- Task details
From the records below, copy out each line that has the word "notin".

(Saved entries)
——

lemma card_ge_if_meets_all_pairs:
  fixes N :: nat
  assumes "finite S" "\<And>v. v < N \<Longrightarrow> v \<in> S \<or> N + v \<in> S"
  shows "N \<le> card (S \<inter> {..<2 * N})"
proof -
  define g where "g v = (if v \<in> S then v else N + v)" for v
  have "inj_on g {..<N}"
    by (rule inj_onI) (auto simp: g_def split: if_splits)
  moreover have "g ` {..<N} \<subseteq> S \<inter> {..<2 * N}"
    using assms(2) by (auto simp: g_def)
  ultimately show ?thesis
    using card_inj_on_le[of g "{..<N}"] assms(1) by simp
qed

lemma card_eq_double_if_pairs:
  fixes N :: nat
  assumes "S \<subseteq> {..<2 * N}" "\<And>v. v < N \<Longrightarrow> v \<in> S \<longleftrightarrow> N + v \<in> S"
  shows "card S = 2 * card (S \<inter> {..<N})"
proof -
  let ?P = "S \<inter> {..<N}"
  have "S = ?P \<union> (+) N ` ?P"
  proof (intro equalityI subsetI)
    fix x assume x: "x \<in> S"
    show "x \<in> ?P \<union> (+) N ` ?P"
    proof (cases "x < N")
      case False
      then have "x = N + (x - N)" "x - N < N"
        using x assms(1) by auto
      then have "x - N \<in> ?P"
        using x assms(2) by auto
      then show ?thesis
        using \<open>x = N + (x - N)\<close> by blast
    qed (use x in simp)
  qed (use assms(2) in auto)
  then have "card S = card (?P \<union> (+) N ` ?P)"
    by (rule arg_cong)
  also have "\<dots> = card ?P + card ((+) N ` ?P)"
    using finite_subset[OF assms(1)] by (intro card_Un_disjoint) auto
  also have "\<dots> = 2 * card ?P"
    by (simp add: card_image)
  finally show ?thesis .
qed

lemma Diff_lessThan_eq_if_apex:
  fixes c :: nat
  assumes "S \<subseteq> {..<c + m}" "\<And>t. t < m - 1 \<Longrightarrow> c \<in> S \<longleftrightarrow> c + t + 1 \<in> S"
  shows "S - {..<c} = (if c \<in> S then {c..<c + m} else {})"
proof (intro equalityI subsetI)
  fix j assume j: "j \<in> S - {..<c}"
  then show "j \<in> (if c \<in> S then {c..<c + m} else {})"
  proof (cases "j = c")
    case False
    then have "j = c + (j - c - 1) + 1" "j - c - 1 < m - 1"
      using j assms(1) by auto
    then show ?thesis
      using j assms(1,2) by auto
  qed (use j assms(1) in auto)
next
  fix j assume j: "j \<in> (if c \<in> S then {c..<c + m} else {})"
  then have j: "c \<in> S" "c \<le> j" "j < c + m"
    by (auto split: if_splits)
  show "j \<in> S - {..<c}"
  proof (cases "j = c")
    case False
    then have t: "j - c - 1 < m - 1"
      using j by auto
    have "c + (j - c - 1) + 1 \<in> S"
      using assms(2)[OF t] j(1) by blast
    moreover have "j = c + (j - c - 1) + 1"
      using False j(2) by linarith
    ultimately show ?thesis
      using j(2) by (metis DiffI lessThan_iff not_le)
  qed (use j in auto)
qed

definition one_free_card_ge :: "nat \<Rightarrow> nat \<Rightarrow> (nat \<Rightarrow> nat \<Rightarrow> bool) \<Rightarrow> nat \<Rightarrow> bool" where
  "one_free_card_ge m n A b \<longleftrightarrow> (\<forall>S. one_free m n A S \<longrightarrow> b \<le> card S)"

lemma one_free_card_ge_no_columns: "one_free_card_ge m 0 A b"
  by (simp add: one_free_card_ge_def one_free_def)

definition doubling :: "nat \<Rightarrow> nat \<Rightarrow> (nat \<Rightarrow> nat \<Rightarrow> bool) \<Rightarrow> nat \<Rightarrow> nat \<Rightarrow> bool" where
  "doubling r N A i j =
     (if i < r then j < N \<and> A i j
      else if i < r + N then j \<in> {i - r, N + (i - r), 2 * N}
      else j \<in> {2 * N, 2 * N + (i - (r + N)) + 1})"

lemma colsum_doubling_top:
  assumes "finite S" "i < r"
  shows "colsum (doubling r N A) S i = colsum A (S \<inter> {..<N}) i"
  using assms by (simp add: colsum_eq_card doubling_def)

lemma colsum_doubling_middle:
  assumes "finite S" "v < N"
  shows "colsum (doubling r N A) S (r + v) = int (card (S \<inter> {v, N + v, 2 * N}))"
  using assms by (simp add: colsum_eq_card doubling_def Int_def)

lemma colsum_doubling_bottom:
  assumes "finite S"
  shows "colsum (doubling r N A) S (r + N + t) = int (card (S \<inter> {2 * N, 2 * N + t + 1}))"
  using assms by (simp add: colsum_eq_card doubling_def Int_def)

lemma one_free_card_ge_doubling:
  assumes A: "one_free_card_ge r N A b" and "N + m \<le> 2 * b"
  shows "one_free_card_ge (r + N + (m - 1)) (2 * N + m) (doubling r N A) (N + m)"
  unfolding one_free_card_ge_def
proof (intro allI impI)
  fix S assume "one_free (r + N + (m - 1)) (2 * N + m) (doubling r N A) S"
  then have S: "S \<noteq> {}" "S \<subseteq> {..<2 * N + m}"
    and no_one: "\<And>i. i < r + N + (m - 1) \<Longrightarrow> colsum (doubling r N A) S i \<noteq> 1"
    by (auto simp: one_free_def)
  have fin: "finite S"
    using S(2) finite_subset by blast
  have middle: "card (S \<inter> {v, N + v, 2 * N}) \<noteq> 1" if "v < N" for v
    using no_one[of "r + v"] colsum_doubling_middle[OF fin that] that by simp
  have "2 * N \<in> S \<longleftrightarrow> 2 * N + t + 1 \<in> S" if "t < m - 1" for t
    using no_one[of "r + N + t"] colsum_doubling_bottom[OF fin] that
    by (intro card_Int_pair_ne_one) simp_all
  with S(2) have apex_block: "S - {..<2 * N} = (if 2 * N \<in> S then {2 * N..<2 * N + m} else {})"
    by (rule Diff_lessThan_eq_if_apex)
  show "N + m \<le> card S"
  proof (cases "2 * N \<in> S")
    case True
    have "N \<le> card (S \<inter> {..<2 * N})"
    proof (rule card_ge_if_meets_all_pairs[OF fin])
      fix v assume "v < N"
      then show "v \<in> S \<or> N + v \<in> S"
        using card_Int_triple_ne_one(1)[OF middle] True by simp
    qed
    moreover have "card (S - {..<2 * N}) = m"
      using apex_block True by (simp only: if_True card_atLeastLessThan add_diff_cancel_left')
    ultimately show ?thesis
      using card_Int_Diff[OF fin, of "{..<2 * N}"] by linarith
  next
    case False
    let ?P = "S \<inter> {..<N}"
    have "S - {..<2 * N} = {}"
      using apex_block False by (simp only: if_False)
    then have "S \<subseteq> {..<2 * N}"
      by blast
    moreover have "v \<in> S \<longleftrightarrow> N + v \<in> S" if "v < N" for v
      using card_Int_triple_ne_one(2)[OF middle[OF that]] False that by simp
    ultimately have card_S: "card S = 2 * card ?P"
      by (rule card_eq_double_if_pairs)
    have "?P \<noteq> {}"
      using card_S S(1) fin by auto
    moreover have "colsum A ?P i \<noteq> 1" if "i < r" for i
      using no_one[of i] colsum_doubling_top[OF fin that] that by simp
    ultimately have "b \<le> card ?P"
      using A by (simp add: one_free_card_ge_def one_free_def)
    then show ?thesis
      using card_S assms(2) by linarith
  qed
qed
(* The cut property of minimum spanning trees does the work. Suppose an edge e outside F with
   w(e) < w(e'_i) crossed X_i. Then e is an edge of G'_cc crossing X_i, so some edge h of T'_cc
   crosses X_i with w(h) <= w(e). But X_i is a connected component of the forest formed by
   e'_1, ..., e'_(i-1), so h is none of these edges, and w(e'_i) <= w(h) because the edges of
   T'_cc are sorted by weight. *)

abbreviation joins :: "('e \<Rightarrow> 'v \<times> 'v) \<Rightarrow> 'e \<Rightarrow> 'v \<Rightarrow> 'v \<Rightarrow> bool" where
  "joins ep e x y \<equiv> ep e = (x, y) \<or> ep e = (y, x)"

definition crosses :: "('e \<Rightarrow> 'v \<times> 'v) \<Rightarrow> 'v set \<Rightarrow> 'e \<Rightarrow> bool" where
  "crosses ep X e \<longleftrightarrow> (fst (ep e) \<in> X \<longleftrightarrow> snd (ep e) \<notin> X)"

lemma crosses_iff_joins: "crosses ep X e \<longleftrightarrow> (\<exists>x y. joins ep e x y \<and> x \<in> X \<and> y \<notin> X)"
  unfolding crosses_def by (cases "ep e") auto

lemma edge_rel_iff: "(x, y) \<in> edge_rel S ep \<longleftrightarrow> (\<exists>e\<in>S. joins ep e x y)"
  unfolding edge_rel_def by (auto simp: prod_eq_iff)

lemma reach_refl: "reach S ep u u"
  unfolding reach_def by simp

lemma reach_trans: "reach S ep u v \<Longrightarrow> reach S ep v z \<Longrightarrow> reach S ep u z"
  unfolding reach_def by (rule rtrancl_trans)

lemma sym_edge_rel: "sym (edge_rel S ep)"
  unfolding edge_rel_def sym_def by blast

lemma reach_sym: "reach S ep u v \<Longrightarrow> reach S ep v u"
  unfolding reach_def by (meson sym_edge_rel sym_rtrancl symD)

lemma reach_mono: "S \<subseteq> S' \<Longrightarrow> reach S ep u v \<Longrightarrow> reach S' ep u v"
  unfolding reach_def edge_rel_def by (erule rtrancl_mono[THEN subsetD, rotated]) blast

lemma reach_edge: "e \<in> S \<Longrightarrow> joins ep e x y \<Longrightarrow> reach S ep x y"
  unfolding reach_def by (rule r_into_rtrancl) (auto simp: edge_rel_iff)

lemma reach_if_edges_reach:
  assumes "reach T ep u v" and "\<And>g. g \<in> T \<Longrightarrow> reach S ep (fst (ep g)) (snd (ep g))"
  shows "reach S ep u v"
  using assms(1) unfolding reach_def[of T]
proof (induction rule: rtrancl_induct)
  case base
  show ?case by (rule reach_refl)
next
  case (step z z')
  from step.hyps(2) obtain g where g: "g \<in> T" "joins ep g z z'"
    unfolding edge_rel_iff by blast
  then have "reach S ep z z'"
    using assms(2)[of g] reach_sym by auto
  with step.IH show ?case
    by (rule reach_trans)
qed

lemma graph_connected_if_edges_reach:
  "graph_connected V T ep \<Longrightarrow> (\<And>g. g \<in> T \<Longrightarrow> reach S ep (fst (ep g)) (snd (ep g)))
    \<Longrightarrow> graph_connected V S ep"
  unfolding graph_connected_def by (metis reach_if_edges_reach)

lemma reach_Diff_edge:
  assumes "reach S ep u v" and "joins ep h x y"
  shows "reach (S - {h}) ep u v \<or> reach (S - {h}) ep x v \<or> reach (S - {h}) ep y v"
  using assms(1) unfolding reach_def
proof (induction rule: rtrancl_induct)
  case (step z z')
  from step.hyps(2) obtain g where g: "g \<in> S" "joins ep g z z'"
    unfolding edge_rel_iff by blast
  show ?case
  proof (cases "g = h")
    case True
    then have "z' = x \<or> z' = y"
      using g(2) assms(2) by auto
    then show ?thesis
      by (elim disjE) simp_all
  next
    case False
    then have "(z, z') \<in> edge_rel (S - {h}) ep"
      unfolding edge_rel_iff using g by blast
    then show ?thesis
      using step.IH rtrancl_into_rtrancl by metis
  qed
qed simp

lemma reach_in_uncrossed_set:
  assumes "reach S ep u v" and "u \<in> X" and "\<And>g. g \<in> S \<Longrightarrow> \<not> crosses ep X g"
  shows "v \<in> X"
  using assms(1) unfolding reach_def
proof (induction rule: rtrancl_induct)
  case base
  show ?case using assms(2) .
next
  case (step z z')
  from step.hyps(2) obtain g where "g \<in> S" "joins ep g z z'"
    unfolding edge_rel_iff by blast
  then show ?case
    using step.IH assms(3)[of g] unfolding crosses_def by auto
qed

——

- Solution to this exercise
  "crosses ep X e \<longleftrightarrow> (fst (ep e) \<in> X \<longleftrightarrow> snd (ep e) \<notin> X)"
lemma crosses_iff_joins: "crosses ep X e \<longleftrightarrow> (\<exists>x y. joins ep e x y \<and> x \<in> X \<and> y \<notin> X)"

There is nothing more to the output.